Todos os controles devem passar a fim de considerar o HIV-1 RNA medição correta. Se um controle negativo é positive, a corrida deve ser desconsiderada por causa da contaminação possível. A fim de controlar as perdas de RNA durante a etapa de extração, pelo menos, 50% dos RCAs cravado no plasma deve ser recuperado. Se a média é de RCAs <15.000 cópias, a amostra falha e deve ser desconsiderada, pois uma quantidade significativa de RNA poderia ter sido perdidas durante a extração ou outras etapas do protocolo. Isso ocorre em cerca de 10% de todas as amostras de pacientes testados provavelmente devido a elevadas concentrações de gordura no plasma 6. A recuperação do vírus RCAs serve para controlar a qualidade da extração e da eficiência da síntese de cDNA e amplificação por PCR. Ela não é usada para corrigir HIV recuperação desde o HIV é provavelmente ligados às imunoglobulinas e outras proteínas humanas tornando-o um pouco diferente do vírus isolado de cultura de tecidos. A recuperação da RCA em nosso laboratório foi, em média, 25.716 + / - 4.057 cópias / mistura de reação, ou cerca de 95% + / -15% do RNA RCAs adicionou 17. A NRT controle (sem transcriptase reversa) é executado em paralelo a fim de testar para a amplificação de DNA. O valor é subtraído do NRT cada um dos três valores HIV-1 RNA, a média é calculada e se este número é inferior a zero (a amplificação do DNA excede a amplificação de RNA), o resultado seria um fracasso e deve ser desconsiderado, pois de risco de amplificação de DNA, em vez de RNA. Se o HIV-1 RNA é apenas amplificado a partir de 1 / 3 poços, re-teste da amostra é recomendado para garantir que a amplificação é verdadeira para a amostra real que está sendo analisada e não devido a um contaminante possível.

Se todos os controles de passagem, a média HIV-1 no número de cópias de RNA no plasma pode ser calculada.
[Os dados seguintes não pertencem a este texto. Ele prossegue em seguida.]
lemma series_rep_compatible_coefficient:
  assumes "series_rep_compatible P Q" and "\<And>i. P i 0 = 0" and "\<And>i. Q i 0 = 0"
  shows "Q n (\<rho> y u) = (\<Sum>i\<le>n. \<rho> (P i y) (Q (n - i) u))"
proof -
  have "series_apply Q (cauchy_prod \<rho> (series_const y) (series_const u)) n
      = cauchy_prod \<rho> (series_apply P (series_const y)) (series_apply Q (series_const u)) n"
    using assms(1) by (simp add: series_rep_compatible_def)
  then show ?thesis
    using assms(2,3) by (simp add: series_apply_const cauchy_prod_const_const cauchy_prod_def)
qed

end

section \<open>Gauging away a deformation order by order\<close>

locale Nij_exact_deformation = lie_representation sg br sv \<rho>
  for sg :: "'k::field \<Rightarrow> 'g \<Rightarrow> 'g::ab_group_add"
    and br :: "'g \<Rightarrow> 'g \<Rightarrow> 'g"
    and sv :: "'k \<Rightarrow> 'v \<Rightarrow> 'v::ab_group_add"
    and \<rho> :: "'g \<Rightarrow> 'v \<Rightarrow> 'v" +
  fixes T :: "'v \<Rightarrow> 'g"
    and \<tau> :: "nat \<Rightarrow> 'v \<Rightarrow> 'g"
  assumes Z1_eq: "Z1 sg br sv \<rho> T = d_rhobar br \<rho> T ` Nij br \<rho> T"
    and deformation: "formal_deformation sg br sv \<rho> T \<tau>"
begin

definition gauge_element :: "(nat \<Rightarrow> 'v \<Rightarrow> 'g) \<Rightarrow> nat \<Rightarrow> 'g" where
  "gauge_element \<sigma> K = (SOME x. x \<in> Nij br \<rho> T \<and> d_rhobar br \<rho> T x = \<sigma> K)"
Exemplo 1: Se a média HIV-1 no número de cópias é zero, o limite de detecção é calculado com base no volume de plasma ensaiadas. Como exemplo, digamos 7 ml de plasma foi ensaiada. A menor quantidade de RNA que poderiam ter sido detectados com este ensaio teria sido uma cópia em um dos poços e 0 cópias nos dois outros poços que dá uma média de 0,33 exemplares por bem. O número de cópias média, então tem de ser multiplicada por um fator de 5,5 para chegar ao número total de cópias na eluição RNA (há 10 ul de cada bem, mas o volume de eluição total foi de 55 ul). O limite inferior de detecção é então: 5,5 x 0,33 dividido por cópias 7ml = 1,83 / 7 = 0,3 cópias / ml. A concentração de HIV-1 RNA no plasma neste exemplo foi <0,3 cópias / ml.

Exemplo 2: HIV-1 RNA é detectável. RNA foi extraído de 7 ml de plasma. O número de cópias média de HIV-1 RNA por poço é calculado para ser 2.0 cópias por bem. Em seguida, o número de cópias médio por ml de plasma é de 5,5 x 2,0 cópias / 7 ml = 1,6 HIV-1 RNA / ml de plasma.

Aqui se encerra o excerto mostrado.